*** Block opens ***

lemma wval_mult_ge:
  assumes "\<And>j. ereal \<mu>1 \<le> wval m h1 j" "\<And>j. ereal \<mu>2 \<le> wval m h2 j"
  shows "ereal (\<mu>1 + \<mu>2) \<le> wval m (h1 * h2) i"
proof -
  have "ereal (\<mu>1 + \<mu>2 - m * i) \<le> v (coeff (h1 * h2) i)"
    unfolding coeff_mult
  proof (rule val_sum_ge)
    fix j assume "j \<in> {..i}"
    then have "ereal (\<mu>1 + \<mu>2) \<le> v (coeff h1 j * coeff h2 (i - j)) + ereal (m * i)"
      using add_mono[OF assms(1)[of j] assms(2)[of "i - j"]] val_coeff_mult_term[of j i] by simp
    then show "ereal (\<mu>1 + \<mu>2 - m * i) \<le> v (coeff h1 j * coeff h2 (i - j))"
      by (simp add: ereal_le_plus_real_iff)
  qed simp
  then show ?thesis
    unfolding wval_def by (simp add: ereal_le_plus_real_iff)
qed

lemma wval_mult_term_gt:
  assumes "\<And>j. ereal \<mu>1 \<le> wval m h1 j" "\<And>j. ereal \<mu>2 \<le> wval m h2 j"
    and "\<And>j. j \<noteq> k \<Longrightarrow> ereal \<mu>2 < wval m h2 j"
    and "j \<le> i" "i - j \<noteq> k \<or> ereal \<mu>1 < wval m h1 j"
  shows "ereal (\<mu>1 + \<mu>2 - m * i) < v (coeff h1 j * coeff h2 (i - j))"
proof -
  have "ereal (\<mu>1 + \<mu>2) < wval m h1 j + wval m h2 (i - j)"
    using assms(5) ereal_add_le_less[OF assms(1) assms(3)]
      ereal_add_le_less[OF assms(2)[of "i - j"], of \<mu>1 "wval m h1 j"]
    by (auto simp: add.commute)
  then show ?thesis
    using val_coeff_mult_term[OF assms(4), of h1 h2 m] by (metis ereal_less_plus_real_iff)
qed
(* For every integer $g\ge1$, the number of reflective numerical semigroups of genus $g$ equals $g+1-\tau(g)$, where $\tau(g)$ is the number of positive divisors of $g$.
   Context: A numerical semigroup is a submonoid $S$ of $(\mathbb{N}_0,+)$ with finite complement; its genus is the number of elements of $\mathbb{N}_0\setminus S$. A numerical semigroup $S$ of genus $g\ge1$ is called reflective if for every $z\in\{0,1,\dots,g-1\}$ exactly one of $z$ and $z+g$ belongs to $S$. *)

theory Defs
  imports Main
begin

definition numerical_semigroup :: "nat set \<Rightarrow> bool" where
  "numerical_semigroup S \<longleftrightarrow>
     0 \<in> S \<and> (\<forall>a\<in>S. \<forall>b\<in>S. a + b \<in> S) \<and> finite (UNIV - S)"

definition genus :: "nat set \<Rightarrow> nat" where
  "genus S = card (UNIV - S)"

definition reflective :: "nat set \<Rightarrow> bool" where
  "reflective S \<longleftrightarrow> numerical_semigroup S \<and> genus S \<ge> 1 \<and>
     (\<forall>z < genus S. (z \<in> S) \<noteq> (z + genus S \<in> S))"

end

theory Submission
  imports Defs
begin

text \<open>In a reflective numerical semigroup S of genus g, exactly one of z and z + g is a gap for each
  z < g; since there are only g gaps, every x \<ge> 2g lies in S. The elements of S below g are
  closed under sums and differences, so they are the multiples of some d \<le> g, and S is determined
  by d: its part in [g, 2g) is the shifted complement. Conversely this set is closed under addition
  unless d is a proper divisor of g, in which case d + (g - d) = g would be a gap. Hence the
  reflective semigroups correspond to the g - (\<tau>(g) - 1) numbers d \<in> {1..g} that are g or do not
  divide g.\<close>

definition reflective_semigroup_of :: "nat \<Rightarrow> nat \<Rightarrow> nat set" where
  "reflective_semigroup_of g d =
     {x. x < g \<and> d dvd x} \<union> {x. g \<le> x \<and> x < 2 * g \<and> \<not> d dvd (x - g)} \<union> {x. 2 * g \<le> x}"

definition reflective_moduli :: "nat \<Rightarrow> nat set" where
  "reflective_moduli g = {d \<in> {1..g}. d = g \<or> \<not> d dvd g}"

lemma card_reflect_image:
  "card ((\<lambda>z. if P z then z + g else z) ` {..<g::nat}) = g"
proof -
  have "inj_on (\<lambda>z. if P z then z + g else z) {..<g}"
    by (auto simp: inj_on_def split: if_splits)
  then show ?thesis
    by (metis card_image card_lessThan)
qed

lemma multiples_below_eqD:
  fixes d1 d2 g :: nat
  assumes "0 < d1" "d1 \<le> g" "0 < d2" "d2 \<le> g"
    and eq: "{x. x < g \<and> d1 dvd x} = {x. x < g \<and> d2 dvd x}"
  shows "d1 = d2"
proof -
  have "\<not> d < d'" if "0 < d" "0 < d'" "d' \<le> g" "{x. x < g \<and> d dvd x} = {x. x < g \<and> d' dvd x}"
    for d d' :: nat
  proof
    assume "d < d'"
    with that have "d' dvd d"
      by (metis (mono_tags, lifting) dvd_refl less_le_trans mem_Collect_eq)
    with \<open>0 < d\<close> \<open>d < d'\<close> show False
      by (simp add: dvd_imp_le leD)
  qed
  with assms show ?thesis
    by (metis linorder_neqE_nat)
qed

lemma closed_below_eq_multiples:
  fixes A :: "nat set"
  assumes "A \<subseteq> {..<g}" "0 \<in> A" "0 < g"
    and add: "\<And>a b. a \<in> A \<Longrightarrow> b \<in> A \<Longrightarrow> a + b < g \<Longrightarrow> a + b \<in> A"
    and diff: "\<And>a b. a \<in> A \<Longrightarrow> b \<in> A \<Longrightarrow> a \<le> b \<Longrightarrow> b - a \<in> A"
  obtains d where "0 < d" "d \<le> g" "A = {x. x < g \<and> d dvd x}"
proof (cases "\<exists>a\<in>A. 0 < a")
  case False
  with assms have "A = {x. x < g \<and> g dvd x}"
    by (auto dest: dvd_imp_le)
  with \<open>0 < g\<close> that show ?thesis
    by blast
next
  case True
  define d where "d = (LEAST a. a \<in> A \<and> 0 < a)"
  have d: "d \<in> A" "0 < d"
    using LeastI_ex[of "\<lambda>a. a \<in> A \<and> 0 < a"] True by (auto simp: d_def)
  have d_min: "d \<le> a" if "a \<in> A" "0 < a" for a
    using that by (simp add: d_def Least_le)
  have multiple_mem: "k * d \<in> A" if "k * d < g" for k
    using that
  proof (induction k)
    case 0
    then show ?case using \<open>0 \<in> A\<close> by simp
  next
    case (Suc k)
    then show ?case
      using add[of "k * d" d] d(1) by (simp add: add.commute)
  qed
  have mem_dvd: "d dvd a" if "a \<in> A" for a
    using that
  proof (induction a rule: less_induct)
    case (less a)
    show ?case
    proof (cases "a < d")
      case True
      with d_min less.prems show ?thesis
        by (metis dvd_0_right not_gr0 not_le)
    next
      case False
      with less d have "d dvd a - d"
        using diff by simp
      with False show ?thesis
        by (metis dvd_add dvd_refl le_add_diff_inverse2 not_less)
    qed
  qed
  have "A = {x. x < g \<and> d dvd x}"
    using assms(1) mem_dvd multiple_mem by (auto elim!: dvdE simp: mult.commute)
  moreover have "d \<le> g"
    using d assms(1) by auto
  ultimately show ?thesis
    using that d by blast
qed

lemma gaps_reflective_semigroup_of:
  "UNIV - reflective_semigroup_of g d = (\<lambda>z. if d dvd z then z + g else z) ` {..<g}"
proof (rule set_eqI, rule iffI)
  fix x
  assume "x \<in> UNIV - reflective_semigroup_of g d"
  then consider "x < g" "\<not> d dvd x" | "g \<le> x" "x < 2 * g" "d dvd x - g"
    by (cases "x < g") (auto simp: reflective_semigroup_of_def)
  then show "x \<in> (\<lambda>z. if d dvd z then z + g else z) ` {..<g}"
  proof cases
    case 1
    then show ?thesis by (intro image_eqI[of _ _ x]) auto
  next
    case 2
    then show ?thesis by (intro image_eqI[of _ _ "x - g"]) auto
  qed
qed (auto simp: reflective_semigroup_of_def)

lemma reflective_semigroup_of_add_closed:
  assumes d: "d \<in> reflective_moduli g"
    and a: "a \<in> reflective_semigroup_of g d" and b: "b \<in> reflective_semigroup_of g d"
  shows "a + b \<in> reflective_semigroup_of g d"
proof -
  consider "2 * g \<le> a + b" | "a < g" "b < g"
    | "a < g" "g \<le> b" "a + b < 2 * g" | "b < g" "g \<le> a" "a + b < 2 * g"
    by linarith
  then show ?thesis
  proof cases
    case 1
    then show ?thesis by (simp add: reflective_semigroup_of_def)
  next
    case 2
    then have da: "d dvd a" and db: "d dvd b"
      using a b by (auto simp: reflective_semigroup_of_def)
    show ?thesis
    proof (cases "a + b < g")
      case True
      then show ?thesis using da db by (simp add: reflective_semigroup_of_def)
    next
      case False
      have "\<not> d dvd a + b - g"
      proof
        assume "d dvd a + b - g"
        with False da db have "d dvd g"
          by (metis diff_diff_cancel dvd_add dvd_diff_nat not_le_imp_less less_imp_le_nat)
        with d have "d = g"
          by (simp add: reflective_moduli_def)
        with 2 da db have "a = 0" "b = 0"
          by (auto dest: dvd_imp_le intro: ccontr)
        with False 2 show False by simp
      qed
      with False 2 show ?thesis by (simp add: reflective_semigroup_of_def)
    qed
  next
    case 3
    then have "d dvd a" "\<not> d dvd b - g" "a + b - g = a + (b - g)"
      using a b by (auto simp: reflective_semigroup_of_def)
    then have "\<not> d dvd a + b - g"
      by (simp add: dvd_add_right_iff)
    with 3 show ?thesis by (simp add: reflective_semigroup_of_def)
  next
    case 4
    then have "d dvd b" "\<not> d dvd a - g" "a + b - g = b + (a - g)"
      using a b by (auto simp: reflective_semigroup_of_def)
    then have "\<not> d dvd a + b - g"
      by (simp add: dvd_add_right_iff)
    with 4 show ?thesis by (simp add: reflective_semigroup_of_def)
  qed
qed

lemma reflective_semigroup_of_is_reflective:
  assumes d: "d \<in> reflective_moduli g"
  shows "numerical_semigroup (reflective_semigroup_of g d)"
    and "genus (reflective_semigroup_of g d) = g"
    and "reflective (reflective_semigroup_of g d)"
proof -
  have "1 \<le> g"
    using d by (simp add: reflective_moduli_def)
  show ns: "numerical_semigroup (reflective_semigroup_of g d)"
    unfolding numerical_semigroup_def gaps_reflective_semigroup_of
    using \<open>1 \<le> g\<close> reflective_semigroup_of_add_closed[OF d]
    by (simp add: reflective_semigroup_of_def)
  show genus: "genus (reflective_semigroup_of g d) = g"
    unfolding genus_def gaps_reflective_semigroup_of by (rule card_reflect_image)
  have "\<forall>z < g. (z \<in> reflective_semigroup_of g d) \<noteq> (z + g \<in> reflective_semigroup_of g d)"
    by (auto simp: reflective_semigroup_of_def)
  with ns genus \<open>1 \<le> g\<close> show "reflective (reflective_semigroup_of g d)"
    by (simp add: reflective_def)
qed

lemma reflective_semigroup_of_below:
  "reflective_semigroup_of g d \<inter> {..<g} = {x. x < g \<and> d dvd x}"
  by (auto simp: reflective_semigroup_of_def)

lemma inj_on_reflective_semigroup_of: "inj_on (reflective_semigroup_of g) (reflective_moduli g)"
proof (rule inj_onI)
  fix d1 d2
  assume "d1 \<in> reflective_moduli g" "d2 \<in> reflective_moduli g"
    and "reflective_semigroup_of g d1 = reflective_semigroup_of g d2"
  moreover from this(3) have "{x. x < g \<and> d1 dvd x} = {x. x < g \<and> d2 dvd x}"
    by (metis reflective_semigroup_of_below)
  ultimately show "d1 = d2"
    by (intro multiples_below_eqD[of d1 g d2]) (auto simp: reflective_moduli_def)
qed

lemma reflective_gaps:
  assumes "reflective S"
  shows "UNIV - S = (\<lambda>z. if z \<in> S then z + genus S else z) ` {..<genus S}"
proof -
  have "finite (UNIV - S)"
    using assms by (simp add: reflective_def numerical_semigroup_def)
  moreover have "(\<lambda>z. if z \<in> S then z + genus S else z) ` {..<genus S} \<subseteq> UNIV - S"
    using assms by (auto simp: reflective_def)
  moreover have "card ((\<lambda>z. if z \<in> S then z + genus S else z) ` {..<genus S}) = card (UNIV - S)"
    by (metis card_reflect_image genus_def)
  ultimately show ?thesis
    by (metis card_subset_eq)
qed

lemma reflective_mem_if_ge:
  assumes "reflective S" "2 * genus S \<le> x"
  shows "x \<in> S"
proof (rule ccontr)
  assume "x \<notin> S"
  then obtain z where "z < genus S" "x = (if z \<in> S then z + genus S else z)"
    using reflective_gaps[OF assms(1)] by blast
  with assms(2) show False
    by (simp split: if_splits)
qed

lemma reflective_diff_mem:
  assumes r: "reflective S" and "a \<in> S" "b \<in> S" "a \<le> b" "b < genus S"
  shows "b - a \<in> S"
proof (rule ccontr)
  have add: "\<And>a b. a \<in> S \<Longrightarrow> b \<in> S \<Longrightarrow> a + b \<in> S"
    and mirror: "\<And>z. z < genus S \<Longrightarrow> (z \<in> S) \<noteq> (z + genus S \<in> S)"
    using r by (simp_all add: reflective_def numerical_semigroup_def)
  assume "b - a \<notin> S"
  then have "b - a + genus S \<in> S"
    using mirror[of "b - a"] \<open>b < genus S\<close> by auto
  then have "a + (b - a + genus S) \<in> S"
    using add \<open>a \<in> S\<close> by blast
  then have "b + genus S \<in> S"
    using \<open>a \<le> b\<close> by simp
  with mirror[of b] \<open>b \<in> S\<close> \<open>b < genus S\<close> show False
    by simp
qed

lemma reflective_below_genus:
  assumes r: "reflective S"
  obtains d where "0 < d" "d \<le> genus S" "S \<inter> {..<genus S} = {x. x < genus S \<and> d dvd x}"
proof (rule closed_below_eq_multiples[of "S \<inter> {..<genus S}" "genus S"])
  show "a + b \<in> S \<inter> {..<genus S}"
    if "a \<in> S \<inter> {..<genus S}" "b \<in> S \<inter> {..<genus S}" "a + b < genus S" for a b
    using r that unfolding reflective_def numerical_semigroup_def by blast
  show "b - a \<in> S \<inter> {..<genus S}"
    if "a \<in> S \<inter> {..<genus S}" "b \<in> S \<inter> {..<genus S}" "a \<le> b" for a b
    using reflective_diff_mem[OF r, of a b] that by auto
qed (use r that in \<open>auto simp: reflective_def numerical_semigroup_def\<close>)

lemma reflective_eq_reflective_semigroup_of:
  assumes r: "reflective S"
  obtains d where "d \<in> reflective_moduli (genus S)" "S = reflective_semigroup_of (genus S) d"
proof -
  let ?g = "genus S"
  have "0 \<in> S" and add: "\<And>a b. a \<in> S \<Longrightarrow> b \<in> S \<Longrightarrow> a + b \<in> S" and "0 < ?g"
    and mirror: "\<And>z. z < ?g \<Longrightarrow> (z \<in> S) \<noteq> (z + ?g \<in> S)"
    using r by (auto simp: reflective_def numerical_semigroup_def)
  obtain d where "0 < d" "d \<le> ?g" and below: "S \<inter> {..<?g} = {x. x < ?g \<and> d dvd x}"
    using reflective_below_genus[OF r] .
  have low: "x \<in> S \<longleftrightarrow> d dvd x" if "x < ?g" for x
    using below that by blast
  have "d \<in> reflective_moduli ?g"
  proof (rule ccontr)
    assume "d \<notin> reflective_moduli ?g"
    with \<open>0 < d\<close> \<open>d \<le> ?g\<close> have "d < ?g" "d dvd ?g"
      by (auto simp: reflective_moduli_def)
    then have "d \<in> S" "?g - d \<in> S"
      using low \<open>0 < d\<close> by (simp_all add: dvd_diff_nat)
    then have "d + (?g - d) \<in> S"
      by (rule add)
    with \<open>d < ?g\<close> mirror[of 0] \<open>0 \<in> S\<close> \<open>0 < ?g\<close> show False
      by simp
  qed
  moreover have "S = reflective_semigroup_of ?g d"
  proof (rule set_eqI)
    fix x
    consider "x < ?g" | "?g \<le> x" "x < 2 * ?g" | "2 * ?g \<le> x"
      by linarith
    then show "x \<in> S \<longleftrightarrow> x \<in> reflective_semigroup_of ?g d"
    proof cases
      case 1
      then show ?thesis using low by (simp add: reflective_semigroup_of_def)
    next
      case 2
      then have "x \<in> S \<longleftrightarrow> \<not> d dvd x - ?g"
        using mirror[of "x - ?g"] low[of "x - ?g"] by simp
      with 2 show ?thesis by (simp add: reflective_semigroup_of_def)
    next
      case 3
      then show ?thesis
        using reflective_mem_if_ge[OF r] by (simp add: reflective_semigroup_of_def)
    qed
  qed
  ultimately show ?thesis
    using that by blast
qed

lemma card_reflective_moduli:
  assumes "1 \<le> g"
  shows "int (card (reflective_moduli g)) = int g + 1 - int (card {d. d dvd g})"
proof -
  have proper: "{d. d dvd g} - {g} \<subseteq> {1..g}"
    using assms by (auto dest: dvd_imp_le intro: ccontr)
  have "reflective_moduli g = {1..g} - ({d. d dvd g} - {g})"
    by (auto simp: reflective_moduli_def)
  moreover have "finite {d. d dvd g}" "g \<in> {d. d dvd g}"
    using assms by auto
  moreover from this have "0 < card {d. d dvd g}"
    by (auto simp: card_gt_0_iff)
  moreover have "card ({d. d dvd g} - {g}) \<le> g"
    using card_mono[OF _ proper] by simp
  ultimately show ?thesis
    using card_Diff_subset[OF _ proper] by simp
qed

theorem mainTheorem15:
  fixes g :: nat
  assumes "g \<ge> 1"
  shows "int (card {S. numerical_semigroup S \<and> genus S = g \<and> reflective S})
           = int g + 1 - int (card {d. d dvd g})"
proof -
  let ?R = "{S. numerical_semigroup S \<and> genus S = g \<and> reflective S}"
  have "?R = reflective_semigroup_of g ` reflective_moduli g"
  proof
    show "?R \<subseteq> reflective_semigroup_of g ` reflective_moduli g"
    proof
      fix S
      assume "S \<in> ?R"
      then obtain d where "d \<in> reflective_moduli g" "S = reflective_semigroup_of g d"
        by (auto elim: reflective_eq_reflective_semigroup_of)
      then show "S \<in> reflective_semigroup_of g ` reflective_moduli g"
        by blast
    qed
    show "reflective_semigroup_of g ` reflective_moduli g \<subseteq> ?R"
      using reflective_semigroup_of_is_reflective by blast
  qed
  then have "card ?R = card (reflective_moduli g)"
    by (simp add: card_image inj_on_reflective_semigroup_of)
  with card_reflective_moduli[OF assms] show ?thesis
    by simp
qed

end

*** Block closes ***

§ EXERCISE OBJECTIVE: Please restate the records word for word. Go from the first line to the line with "v (coeff (h1" and include both.

§ TASK RESULT:
lemma wval_mult_ge:
  assumes "\<And>j. ereal \<mu>1 \<le> wval m h1 j" "\<And>j. ereal \<mu>2 \<le> wval m h2 j"
  shows "ereal (\<mu>1 + \<mu>2) \<le> wval m (h1 * h2) i"
proof -
  have "ereal (\<mu>1 + \<mu>2 - m * i) \<le> v (coeff (h1 * h2) i)"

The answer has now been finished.